LongPheno = CSV.read(PhenoFile, DataFrame)
nullmodel = trajgwas(@formula(LongPheno ~ 1 + AGE + GENDER),
@formula(LongPheno ~ 1 + AGE),
@formula(LongPheno ~ 1 + AGE + GENDER),
:IID,
LongPheno,
nothing;
solver=solver,
solver_config = solver_config)
# ******************************************************************************
# This program contains Ipopt, a library for large-scale nonlinear optimization.
# Ipopt is released as open source code under the Eclipse Public License (EPL).
# For more information visit https://github.com/coin-or/Ipopt
# ******************************************************************************
# run = 1, ‖Δβ‖ = 0.379288, ‖Δτ‖ = 0.076489, ‖ΔL‖ = 0.653537, status = LOCALLY_SOLVED, time(s) = 0.800000
# run = 2, ‖Δβ‖ = 0.015746, ‖Δτ‖ = 0.028828, ‖ΔL‖ = 0.169548, status = LOCALLY_SOLVED, time(s) = 0.086000
# Within-subject variance estimation by robust regression (WiSER)
# Mean Formula:
# LongPheno ~ 1 + AGE + GENDER
# Random Effects Formula:
# LongPheno ~ 1 + AGE
# Within-Subject Variance Formula:
# LongPheno ~ 1 + AGE + GENDER
# Number of individuals/clusters: 1000
# Total observations: 10515
# Fixed-effects parameters:
# ─────────────────────────────────────────────────────────
# Estimate Std.

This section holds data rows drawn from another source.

(* Let $Y$ be a random variable whose moment generating function $E[e^{tY}]$ exists for $|t|<r_0$ for some $r_0>0$. Let $(Y_j)_{j\ge1}$ be mutually independent copies of $Y$, $S_0=0$, $S_k=Y_1+\cdots+Y_k$ for $k\ge1$. Let $r$ be a positive integer. Define $$\phi_n^Y(x)=\sum_{k=0}^{n}{n\brace k}_Y x^k,\qquad {n\brace k}_Y=\frac{1}{k!}\sum_{i=0}^{k}\binom{k}{i}(-1)^{k-i}E[S_i^n],$$ $$\phi_{n,r}^Y(x)=\sum_{k=0}^{n}{n+r\brace k+r}_{r,Y}x^k,\qquad {n+r\brace k+r}_{r,Y}=\frac{1}{k!}\sum_{j=0}^{k}\binom{k}{j}(-1)^{k-j}E\big[(S_j+r)^n\big].$$ Then for all integers $m,n\ge0$, $$\phi_{m+n,r}^Y(x)=\sum_{i=0}^{n}\sum_{k=0}^{m}\binom{n}{i}x^k\phi_i^Y(x)\frac{1}{k!}\sum_{j=k}^{m}\binom{m}{j}\sum_{l_1+\cdots+l_k=j}\binom{j}{l_1,\dots,l_k}E\Big[(S_k+r)^{n-i}\prod_{p=1}^{k}Y_p^{l_p}\Big]r^{m-j},$$ where the innermost sum runs over $k$-tuples $(l_1,\dots,l_k)$ of positive integers with sum $j$.
   Context: $\phi_n^Y(x)$ and $\phi_{n,r}^Y(x)$ are the probabilistic Bell and probabilistic $r$-Bell polynomials associated with $Y$. For $k=0$ the sum over $(l_1,\dots,l_k)$ equals $1$ if $j=0$ and $0$ otherwise (empty product equal to $1$). $\binom{j}{l_1,\dots,l_k}$ is the multinomial coefficient. *)

theory Defs
  imports "HOL-Probability.Probability"
begin

definition psum :: "(nat \<Rightarrow> 'a \<Rightarrow> real) \<Rightarrow> nat \<Rightarrow> 'a \<Rightarrow> real" where
  "psum X k \<omega> = (\<Sum>j=1..k. X j \<omega>)"

definition stirlingY :: "'a measure \<Rightarrow> (nat \<Rightarrow> 'a \<Rightarrow> real) \<Rightarrow> nat \<Rightarrow> nat \<Rightarrow> real" where
  "stirlingY M X n k = (1 / fact k) *
     (\<Sum>i=0..k. real (k choose i) * (-1) ^ (k - i) * (\<integral>\<omega>. (psum X i \<omega>) ^ n \<partial>M))"

definition bellY :: "'a measure \<Rightarrow> (nat \<Rightarrow> 'a \<Rightarrow> real) \<Rightarrow> nat \<Rightarrow> real \<Rightarrow> real" where
  "bellY M X n x = (\<Sum>k=0..n. stirlingY M X n k * x ^ k)"

definition rstirlingY :: "'a measure \<Rightarrow> (nat \<Rightarrow> 'a \<Rightarrow> real) \<Rightarrow> nat \<Rightarrow> nat \<Rightarrow> nat \<Rightarrow> real" where
  "rstirlingY M X r n k = (1 / fact k) *
     (\<Sum>j=0..k. real (k choose j) * (-1) ^ (k - j) * (\<integral>\<omega>. (psum X j \<omega> + real r) ^ n \<partial>M))"

definition rbellY :: "'a measure \<Rightarrow> (nat \<Rightarrow> 'a \<Rightarrow> real) \<Rightarrow> nat \<Rightarrow> nat \<Rightarrow> real \<Rightarrow> real" where
  "rbellY M X r n x = (\<Sum>k=0..n. rstirlingY M X r n k * x ^ k)"

definition compositions :: "nat \<Rightarrow> nat \<Rightarrow> (nat \<Rightarrow> nat) set" where
  "compositions k j = {l \<in> {1..k} \<rightarrow>\<^sub>E {1..j}. (\<Sum>p=1..k. l p) = j}"

definition multinom :: "nat \<Rightarrow> nat \<Rightarrow> (nat \<Rightarrow> nat) \<Rightarrow> real" where
  "multinom j k l = fact j / (\<Prod>p=1..k. fact (l p))"

end

theory Submission
  imports Defs "HOL-Computational_Algebra.Formal_Power_Series"
begin

(* Let G(t) = \<Sum>q E[Y^q] t^q / q! be the formal moment generating function and write egf_nth F N
   for N! [t^N] F. Independence gives E[(S_A + r)^N] = egf_nth (e^{rt} G^|A|) N, hence
   {n brace k}_Y = egf_nth ((G - 1)^k) n / k! and phi_{N,r}(x) is the N-th EGF coefficient of
   e^{rt} exp(x (G - 1)). Expanding G(t+s) - 1 = (G(t) - 1) + (G(t+s) - G(t)) in a shift s gives
     e^{r(t+s)} exp(x (G(t+s) - 1)) = exp(x (G(t) - 1)) \<Sum>k x^k / k! e^{r(t+s)} (G(t+s) - G(t))^k,
   and taking m! [s^m] on both sides yields the formula: the left side becomes phi_{m+n,r}, the factor
   exp(x (G - 1)) produces the phi_i, and by inclusion-exclusion over the compositions (l_1,...,l_k)
   the inner sums are the coefficients of m! [s^m] e^{r(t+s)} (G(t+s) - G(t))^k, since
   (G(t+s) - G(t))^k = \<Sum>A \<subseteq> {1..k} (-1)^(k-|A|) G(t+s)^|A| G(t)^(k-|A|).
   The bivariate series never appear: m! [s^m] is the m-th formal derivative in t, and the
   expansion in the shift becomes an identity between finite binomial sums. *)

section \<open>Exponential generating functions\<close>

definition egf_nth :: "'a::field_char_0 fps \<Rightarrow> nat \<Rightarrow> 'a" where
  "egf_nth F n = fact n * fps_nth F n"

definition moment_egf :: "(nat \<Rightarrow> 'a::field_char_0) \<Rightarrow> 'a fps" where
  "moment_egf \<mu> = Abs_fps (\<lambda>n. \<mu> n / fact n)"

lemma egf_nth_moment_egf [simp]: "egf_nth (moment_egf \<mu>) n = \<mu> n"
  by (simp add: egf_nth_def moment_egf_def)

lemma egf_nth_fps_exp [simp]: "egf_nth (fps_exp a) n = a ^ n"
  by (simp add: egf_nth_def)

lemma egf_nth_one: "egf_nth 1 n = 0 ^ n"
  by (simp add: egf_nth_def)

lemma egf_nth_fps_const_mult [simp]: "egf_nth (fps_const c * F) n = c * egf_nth F n"
  by (simp add: egf_nth_def)

lemma egf_nth_sum: "egf_nth (\<Sum>i\<in>S. F i) n = (\<Sum>i\<in>S. egf_nth (F i) n)"
  by (induction S rule: infinite_finite_induct) (simp_all add: egf_nth_def algebra_simps)

lemma egf_nth_mult:
  "egf_nth (F * G) n = (\<Sum>c\<le>n. of_nat (n choose c) * egf_nth F c * egf_nth G (n - c))"
  unfolding egf_nth_def fps_mult_nth sum_distrib_left atLeast0AtMost
  by (rule sum.cong) (simp_all add: binomial_fact)

lemma egf_nth_fps_nth_deriv: "egf_nth (fps_nth_deriv m F) c = egf_nth F (m + c)"
proof (induction m arbitrary: c)
  case (Suc m)
  have "egf_nth (fps_nth_deriv (Suc m) F) c = egf_nth (fps_nth_deriv m F) (Suc c)"
    unfolding fps_nth_deriv_commute egf_nth_def fps_deriv_nth by (simp add: algebra_simps)
  then show ?case by (simp add: Suc.IH)
qed simp

lemma power_mult_nth_eq_0:
  fixes G H :: "'a::comm_semiring_1 fps"
  assumes "fps_nth G 0 = 0" "n < a"
  shows "fps_nth (G ^ a * H) n = 0"
  unfolding fps_mult_nth using startsby_zero_power_prefix[OF assms(1), of a] assms(2)
  by (intro sum.neutral) auto

lemma egf_nth_power_eq_0:
  fixes G :: "'a::field_char_0 fps"
  assumes "fps_nth G 0 = 0" "i < a"
  shows "egf_nth (G ^ a) i = 0"
  using startsby_zero_power_prefix[OF assms(1)] assms(2) by (simp add: egf_nth_def)

lemma fps_of_nat_mult_sign:
  "(of_nat c * (-1) ^ p :: 'a::comm_ring_1 fps) = fps_const (of_nat c * (-1) ^ p)"
  by (simp add: fps_of_nat fps_const_neg[symmetric] fps_const_power[symmetric]
      fps_const_mult[symmetric] del: fps_const_neg fps_const_power fps_const_mult)

lemma mult_power_diff_one_expand:
  fixes F A :: "'a::comm_ring_1 fps"
  shows "F * (A - 1) ^ K = (\<Sum>j\<le>K. fps_const (of_nat (K choose j) * (-1) ^ (K - j)) * (F * A ^ j))"
  using binomial_ring[of A "-1" K]
  by (simp add: sum_distrib_left fps_of_nat_mult_sign[symmetric] ac_simps)

lemma egf_nth_mult_power_diff_one:
  fixes F A :: "'a::field_char_0 fps"
  shows "egf_nth (F * (A - 1) ^ K) n = (\<Sum>j\<le>K. of_nat (K choose j) * (-1) ^ (K - j) * egf_nth (F * A ^ j) n)"
  by (simp add: mult_power_diff_one_expand egf_nth_sum)

lemma fps_nth_deriv_mult_power_diff_one:
  fixes F A :: "'a::comm_ring_1 fps"
  shows "fps_nth_deriv m (F * (A - 1) ^ K) =
    (\<Sum>j\<le>K. of_nat (K choose j) * (-1) ^ (K - j) * fps_nth_deriv m (F * A ^ j))"
  by (simp add: mult_power_diff_one_expand fps_nth_deriv_sum fps_of_nat_mult_sign)

lemma binomial_alternating_regroup:
  fixes A :: "'a::comm_ring_1"
  shows "(\<Sum>j\<le>K. of_nat (K choose j) * (-1) ^ (K - j) * P j) =
    (\<Sum>k\<le>K. of_nat (K choose k) * (A - 1) ^ (K - k) *
       (\<Sum>j\<le>k. of_nat (k choose j) * (-1) ^ (k - j) * P j * A ^ (k - j)))"
proof -
  have inner: "(\<Sum>i\<le>K - j. of_nat (K - j choose i) * ((-1) ^ i * A ^ i) * (A - 1) ^ (K - j - i)) = (-1) ^ (K - j)"
    for j using binomial_ring[of "- A" "A - 1" "K - j"] by (simp add: power_minus[of A])
  have triangle: "(\<Sum>k\<le>K. \<Sum>j\<le>k. f k j) = (\<Sum>j\<le>K. \<Sum>i\<le>K - j. f (j + i) j)"
    for f :: "nat \<Rightarrow> nat \<Rightarrow> 'a"
  proof -
    have "(\<Sum>k\<le>K. \<Sum>j\<le>k. f k j) = (\<Sum>(j, i)\<in>{(j, i). j + i \<le> K}. f (j + i) j)"
      by (subst sum.triangle_reindex_eq) simp
    also have "\<dots> = (\<Sum>(j, i)\<in>(SIGMA j:{..K}. {..K - j}). f (j + i) j)"
      by (rule sum.cong) auto
    finally show ?thesis by (simp add: sum.Sigma)
  qed
  have "(\<Sum>k\<le>K. of_nat (K choose k) * (A - 1) ^ (K - k) *
       (\<Sum>j\<le>k. of_nat (k choose j) * (-1) ^ (k - j) * P j * A ^ (k - j))) =
    (\<Sum>k\<le>K. \<Sum>j\<le>k. of_nat (K choose k) * of_nat (k choose j) * ((-1) ^ (k - j) * A ^ (k - j)) * (A - 1) ^ (K - k) * P j)"
    unfolding sum_distrib_left by (simp only: mult_ac)
  also have "\<dots> = (\<Sum>j\<le>K. \<Sum>i\<le>K - j. of_nat (K choose j) * P j *
      (of_nat (K - j choose i) * ((-1) ^ i * A ^ i) * (A - 1) ^ (K - j - i)))"
    unfolding triangle
  proof (intro sum.cong refl)
    fix j i assume "j \<in> {..K}" "i \<in> {..K - j}"
    then have "(K choose (j + i)) * ((j + i) choose j) = (K choose j) * (K - j choose i)"
      using choose_mult[of j "j + i" K] by simp
    then have "of_nat (K choose (j + i)) * of_nat ((j + i) choose j) = (of_nat (K choose j) * of_nat (K - j choose i) :: 'a)"
      by (metis of_nat_mult)
    moreover have "K - (j + i) = K - j - i" by simp
    ultimately show "of_nat (K choose (j + i)) * of_nat ((j + i) choose j) * ((-1) ^ (j + i - j) * A ^ (j + i - j)) * (A - 1) ^ (K - (j + i)) * P j =
      of_nat (K choose j) * P j * (of_nat (K - j choose i) * ((-1) ^ i * A ^ i) * (A - 1) ^ (K - j - i))"
      by (simp only: add_diff_cancel_left' mult_ac)
  qed
  also have "\<dots> = (\<Sum>j\<le>K. of_nat (K choose j) * (-1) ^ (K - j) * P j)"
    by (simp only: inner flip: sum_distrib_left) (simp only: mult_ac)
  finally show ?thesis ..
qed

(* increment_egf m z G k = m! [s^m] e^{z(t+s)} (G(t+s) - G(t))^k, as a series in t: expand the
   k-th power binomially and use that m! [s^m] F(t+s) is the m-th derivative of F. *)
definition increment_egf :: "nat \<Rightarrow> 'a::field_char_0 \<Rightarrow> 'a fps \<Rightarrow> nat \<Rightarrow> 'a fps" where
  "increment_egf m z G k = (\<Sum>j\<le>k. of_nat (k choose j) * (-1) ^ (k - j) *
     fps_nth_deriv m (fps_exp z * G ^ j) * G ^ (k - j))"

Error Z Pr(>|Z|)
# ─────────────────────────────────────────────────────────
# β1: (Intercept) 37.2366 1.13462 32.82 <1e-99
# β2: AGE -0.327652 0.022705 -14.43 <1e-46
# β3: GENDER 0.712463 0.094477 7.54 <1e-13
# τ1: (Intercept) -1.33006 2.07856 -0.64 0.5222
# τ2: AGE 0.0566825 0.042218 1.34 0.1794
# τ3: GENDER 0.132336 0.0642011 2.06 0.0393
# ─────────────────────────────────────────────────────────
# Random effects covariance matrix Σγ:
# "γ1: (Intercept)" 67.3923 -1.32643
# "γ2: AGE" -1.32643 0.0266415
Obtain model residuals of testing $\tau$g = 0 (i.e., the within-subject variability)
rownames = nullmodel.ids
ResidMatFile_tau = split(PhenoFile,"simuLongPHENO.txt")[1] * "ResidMat.txt"
f2 = open(ResidMatFile_tau, "w")
writedlm(f2, ["SubjID" "Resid"])
for j in 1:length(nullmodel.data)
Resid_tau = - sum(nm.data[j].diagDVRV)
writedlm(f2, [rownames[j] Resid_tau])
end
close(f2)
ResidMat_tau = CSV.read(ResidMatFile_tau, DataFrame)
# 1000×2 DataFrame
# Row │ SubjID Resid
# │ String15 Float64
# ──────┼──────────────────────
# 1 │ Subj-1 6.63029
# 2 │ Subj-10 10.1477
# 3 │ Subj-100 6.96377
# 4 │ Subj-101 2.00466
# 5 │ Subj-102 0.762797
# 6 │ Subj-103 -9.68518
# 7 │ Subj-104 7.93268
# ⋮ │ ⋮ ⋮
# 995 │ f9_4 -9.50279
# 996 │ f9_5 1.54764
# 997 │ f9_6 -7.54868
# 998 │ f9_7 9.64257
# 999 │ f9_8 1.72898
# 1000 │ f9_9 0.151542
# 987 rows omitted
Note
- The column names of
ResidMatFile
must be exactlySubjID
in the first column andResid
in the second column.- Each subject should match its corresponding residual.
- Above codes are mostly the same as in Linear mixed-effect models. In practice, model residuals for testing the mean and WS variability can be obtained simultaneously from the fitted WiSER model.